Below are several records. Retype exactly those lines running from the one with "differ by at" through the one with "L \<Longrightarrow> s", end lines included, and no others.

Data extracted from a collection:

:::

(* Let a group $G$ act properly and isometrically on a proper geodesic metric space $X$ with basepoint $o$, let $f\in G$ be a contracting element, and let $C>0$ be such that every geodesic segment with both endpoints in $\mathrm{Ax}(f)$ is $C$-contracting. Given $r,M>0$, there exist $\hat r=\hat r(r,C,M)$ and $L_1=L_1(C,M)>0$ with the following property. Let $h\in E(f)$ satisfy $d(o,ho)>L_1$, let $g\in G$ and $\theta\in(0,1]$, and let $\alpha,\beta$ be two geodesics from $B(o,M)$ to $B(go,M)$. If $\alpha$ contains a $\theta$-segment with an $(r,h)$-barrier, then $\beta$ contains some $\theta$-segment with an $(\hat r,h)$-barrier.
   Context: A closed $U$ is $C$-contracting if every geodesic $\gamma$ with $d(\gamma,U)\ge C$ has $\mathrm{diam}(\pi_U(\gamma))\le C$ ($\pi_U$ nearest-point projection). An infinite-order $f$ is contracting if $n\mapsto f^no$ is a quasi-isometric embedding with contracting image. $E(f)=\{g\in G:\exists n>0,\ gf^ng^{-1}=f^{\pm n}\}$ is the maximal elementary subgroup containing $f$, and $\mathrm{Ax}(f)=E(f)\cdot o$. A $\theta$-segment of a geodesic $\gamma$ is a closed connected subsegment of length $\theta\ell(\gamma)$. A segment $\sigma$ has an $(r,h)$-barrier if there is $t\in G$ with $d(to,\sigma)\le r$ and $d(tho,\sigma)\le r$. *)

theory Defs
  imports "HOL-Analysis.Analysis" "HOL-Algebra.Algebra"
begin

definition proper_metric :: "('x::metric_space) itself \<Rightarrow> bool" where
  "proper_metric _ \<longleftrightarrow> (\<forall>(x::'x) r. compact (cball x r))"

definition geodesic_seg :: "(real \<Rightarrow> 'x::metric_space) \<Rightarrow> 'x \<Rightarrow> 'x \<Rightarrow> real \<Rightarrow> bool" where
  "geodesic_seg \<gamma> a b L \<longleftrightarrow> L \<ge> 0 \<and> \<gamma> 0 = a \<and> \<gamma> L = b \<and>
     (\<forall>s\<in>{0..L}. \<forall>t\<in>{0..L}. dist (\<gamma> s) (\<gamma> t) = \<bar>s - t\<bar>)"

definition geodesic_space :: "('x::metric_space) itself \<Rightarrow> bool" where
  "geodesic_space _ \<longleftrightarrow> (\<forall>(a::'x) b. \<exists>\<gamma>. geodesic_seg \<gamma> a b (dist a b))"

definition proj_pt :: "'x::metric_space set \<Rightarrow> 'x \<Rightarrow> 'x set" where
  "proj_pt U x = {p \<in> U. dist x p = infdist x U}"

definition proj_set :: "'x::metric_space set \<Rightarrow> 'x set \<Rightarrow> 'x set" where
  "proj_set U A = (\<Union>x\<in>A. proj_pt U x)"

definition contracting_set :: "real \<Rightarrow> 'x::metric_space set \<Rightarrow> bool" where
  "contracting_set C U \<longleftrightarrow> closed U \<and>
     (\<forall>\<gamma> a b. geodesic_seg \<gamma> a b (dist a b) \<longrightarrow>
        setdist (\<gamma> ` {0..dist a b}) U \<ge> C \<longrightarrow>
        (\<forall>p\<in>proj_set U (\<gamma> ` {0..dist a b}). \<forall>q\<in>proj_set U (\<gamma> ` {0..dist a b}). dist p q \<le> C))"

definition isometric_action :: "('g, 'b) monoid_scheme \<Rightarrow> ('g \<Rightarrow> 'x::metric_space \<Rightarrow> 'x) \<Rightarrow> bool" where
  "isometric_action G act \<longleftrightarrow> group G \<and>
     (\<forall>x. act \<one>\<^bsub>G\<^esub> x = x) \<and>
     (\<forall>g\<in>carrier G. \<forall>h\<in>carrier G. \<forall>x. act (g \<otimes>\<^bsub>G\<^esub> h) x = act g (act h x)) \<and>
     (\<forall>g\<in>carrier G. \<forall>x y. dist (act g x) (act g y) = dist x y)"

definition proper_action :: "('g, 'b) monoid_scheme \<Rightarrow> ('g \<Rightarrow> 'x::metric_space \<Rightarrow> 'x) \<Rightarrow> bool" where
  "proper_action G act \<longleftrightarrow>
     (\<forall>x r. finite {g \<in> carrier G. act g ` cball x r \<inter> cball x r \<noteq> {}})"

definition contracting_elt :: "('g, 'b) monoid_scheme \<Rightarrow> ('g \<Rightarrow> 'x::metric_space \<Rightarrow> 'x) \<Rightarrow> 'x \<Rightarrow> 'g \<Rightarrow> bool" where
  "contracting_elt G act x0 f \<longleftrightarrow> f \<in> carrier G \<and>
     (\<forall>n::nat. n > 0 \<longrightarrow> f [^]\<^bsub>G\<^esub> n \<noteq> \<one>\<^bsub>G\<^esub>) \<and>
     (\<exists>lam c. lam \<ge> 1 \<and> c \<ge> 0 \<and> (\<forall>m n::int.
        \<bar>m - n\<bar> / lam - c \<le> dist (act (f [^]\<^bsub>G\<^esub> m) x0) (act (f [^]\<^bsub>G\<^esub> n) x0) \<and>
        dist (act (f [^]\<^bsub>G\<^esub> m) x0) (act (f [^]\<^bsub>G\<^esub> n) x0) \<le> lam * \<bar>m - n\<bar> + c)) \<and>
     (\<exists>C. contracting_set C (range (\<lambda>n::int. act (f [^]\<^bsub>G\<^esub> n) x0)))"

definition elem_sub :: "('g, 'b) monoid_scheme \<Rightarrow> 'g \<Rightarrow> 'g set" where
  "elem_sub G f = {g \<in> carrier G. \<exists>n::nat. n > 0 \<and>
      (g \<otimes>\<^bsub>G\<^esub> (f [^]\<^bsub>G\<^esub> n) \<otimes>\<^bsub>G\<^esub> inv\<^bsub>G\<^esub> g = f [^]\<^bsub>G\<^esub> n \<or>
       g \<otimes>\<^bsub>G\<^esub> (f [^]\<^bsub>G\<^esub> n) \<otimes>\<^bsub>G\<^esub> inv\<^bsub>G\<^esub> g = f [^]\<^bsub>G\<^esub> (- int n))}"

definition axis :: "('g, 'b) monoid_scheme \<Rightarrow> ('g \<Rightarrow> 'x \<Rightarrow> 'x) \<Rightarrow> 'x \<Rightarrow> 'g \<Rightarrow> 'x set" where
  "axis G act x0 f = (\<lambda>g. act g x0) ` elem_sub G f"

text \<open>The subsegment of gamma (of length L) over [s, s + theta L] is a theta-segment
  when it lies inside [0, L].\<close>
definition theta_seg :: "(real \<Rightarrow> 'x) \<Rightarrow> real \<Rightarrow> real \<Rightarrow> real \<Rightarrow> 'x set" where
  "theta_seg \<gamma> L \<theta> s = \<gamma> ` {s .. s + \<theta> * L}"

definition has_barrier :: "('g, 'b) monoid_scheme \<Rightarrow> ('g \<Rightarrow> 'x::metric_space \<Rightarrow> 'x) \<Rightarrow> 'x \<Rightarrow> real \<Rightarrow> 'g \<Rightarrow> 'x set \<Rightarrow> bool" where
  "has_barrier G act x0 r h \<sigma> \<longleftrightarrow> (\<exists>t\<in>carrier G.
     infdist (act t x0) \<sigma> \<le> r \<and> infdist (act (t \<otimes>\<^bsub>G\<^esub> h) x0) \<sigma> \<le> r)"

definition contains_barrier_seg :: "('g, 'b) monoid_scheme \<Rightarrow> ('g \<Rightarrow> 'x::metric_space \<Rightarrow> 'x) \<Rightarrow> 'x \<Rightarrow> real \<Rightarrow> 'g \<Rightarrow> real \<Rightarrow> (real \<Rightarrow> 'x) \<Rightarrow> real \<Rightarrow> bool" where
  "contains_barrier_seg G act x0 r h \<theta> \<gamma> L \<longleftrightarrow> (\<exists>s. 0 \<le> s \<and> s + \<theta> * L \<le> L \<and>
     has_barrier G act x0 r h (theta_seg \<gamma> L \<theta> s))"

end

theory Submission
  imports Defs
begin

text \<open>Let t be the group element of the barrier of \<alpha>. After translating by the inverse of t,
  the points x0 and h x0 are r-close to a \<theta>-segment of \<alpha>, and a geodesic \<sigma> from x0 to h x0 is
  C-contracting because both endpoints lie on Ax(f). A nearest-point projection to \<sigma> nearly
  lies on every geodesic to a point of \<sigma> (up to 4C); comparing \<beta> with \<alpha>, this shows that
  when \<sigma> is long the projections of the endpoints of \<beta> lie close to x0 and h x0 and more
  than C apart, so \<beta> itself passes close to x0 and h x0. The two times at which it does so
  differ by at most \<theta> |\<beta>| plus a constant, so some \<theta>-segment of \<beta> is close to both points,
  and translating back by t gives its barrier. When d(x0, h x0) is short, the initial
  \<theta>-segment of \<beta> has the barrier t = 1.\<close>

definition geodesic_path :: "(real \<Rightarrow> 'x::metric_space) \<Rightarrow> real \<Rightarrow> bool" where
  "geodesic_path \<gamma> L \<longleftrightarrow> (\<forall>s\<in>{0..L}. \<forall>t\<in>{0..L}. dist (\<gamma> s) (\<gamma> t) = \<bar>s - t\<bar>)"

lemma geodesic_seg_iff:
  "geodesic_seg \<gamma> a b L \<longleftrightarrow> 0 \<le> L \<and> \<gamma> 0 = a \<and> \<gamma> L = b \<and> geodesic_path \<gamma> L"
  unfolding geodesic_seg_def geodesic_path_def by auto

lemma geodesic_path_dist:
  "geodesic_path \<gamma> L \<Longrightarrow> s \<in> {0..L} \<Longrightarrow> t \<in> {0..L} \<Longrightarrow> dist (\<gamma> s) (\<gamma> t) = \<bar>s - t\<bar>"
  unfolding geodesic_path_def by blast

lemma geodesic_path_continuous_on: "geodesic_path \<gamma> L \<Longrightarrow> continuous_on {0..L} \<gamma>"
  unfolding continuous_on_iff geodesic_path_def by (metis dist_real_def)

lemma compact_geodesic_path_image:
  "geodesic_path \<gamma> L \<Longrightarrow> 0 \<le> a \<Longrightarrow> b \<le> L \<Longrightarrow> compact (\<gamma> ` {a..b})"
  by (intro compact_continuous_image continuous_on_subset[OF geodesic_path_continuous_on]) auto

:::

### Output for this exercise:
  differ by at most \<theta> |\<beta>| plus a constant, so some \<theta>-segment of \<beta> is close to both points,
  and translating back by t gives its barrier. When d(x0, h x0) is short, the initial
  \<theta>-segment of \<beta> has the barrier t = 1.\<close>

definition geodesic_path :: "(real \<Rightarrow> 'x::metric_space) \<Rightarrow> real \<Rightarrow> bool" where
  "geodesic_path \<gamma> L \<longleftrightarrow> (\<forall>s\<in>{0..L}. \<forall>t\<in>{0..L}. dist (\<gamma> s) (\<gamma> t) = \<bar>s - t\<bar>)"

lemma geodesic_seg_iff:
  "geodesic_seg \<gamma> a b L \<longleftrightarrow> 0 \<le> L \<and> \<gamma> 0 = a \<and> \<gamma> L = b \<and> geodesic_path \<gamma> L"
  unfolding geodesic_seg_def geodesic_path_def by auto

lemma geodesic_path_dist:
  "geodesic_path \<gamma> L \<Longrightarrow> s \<in> {0..L} \<Longrightarrow> t \<in> {0..L} \<Longrightarrow> dist (\<gamma> s) (\<gamma> t) = \<bar>s - t\<bar>"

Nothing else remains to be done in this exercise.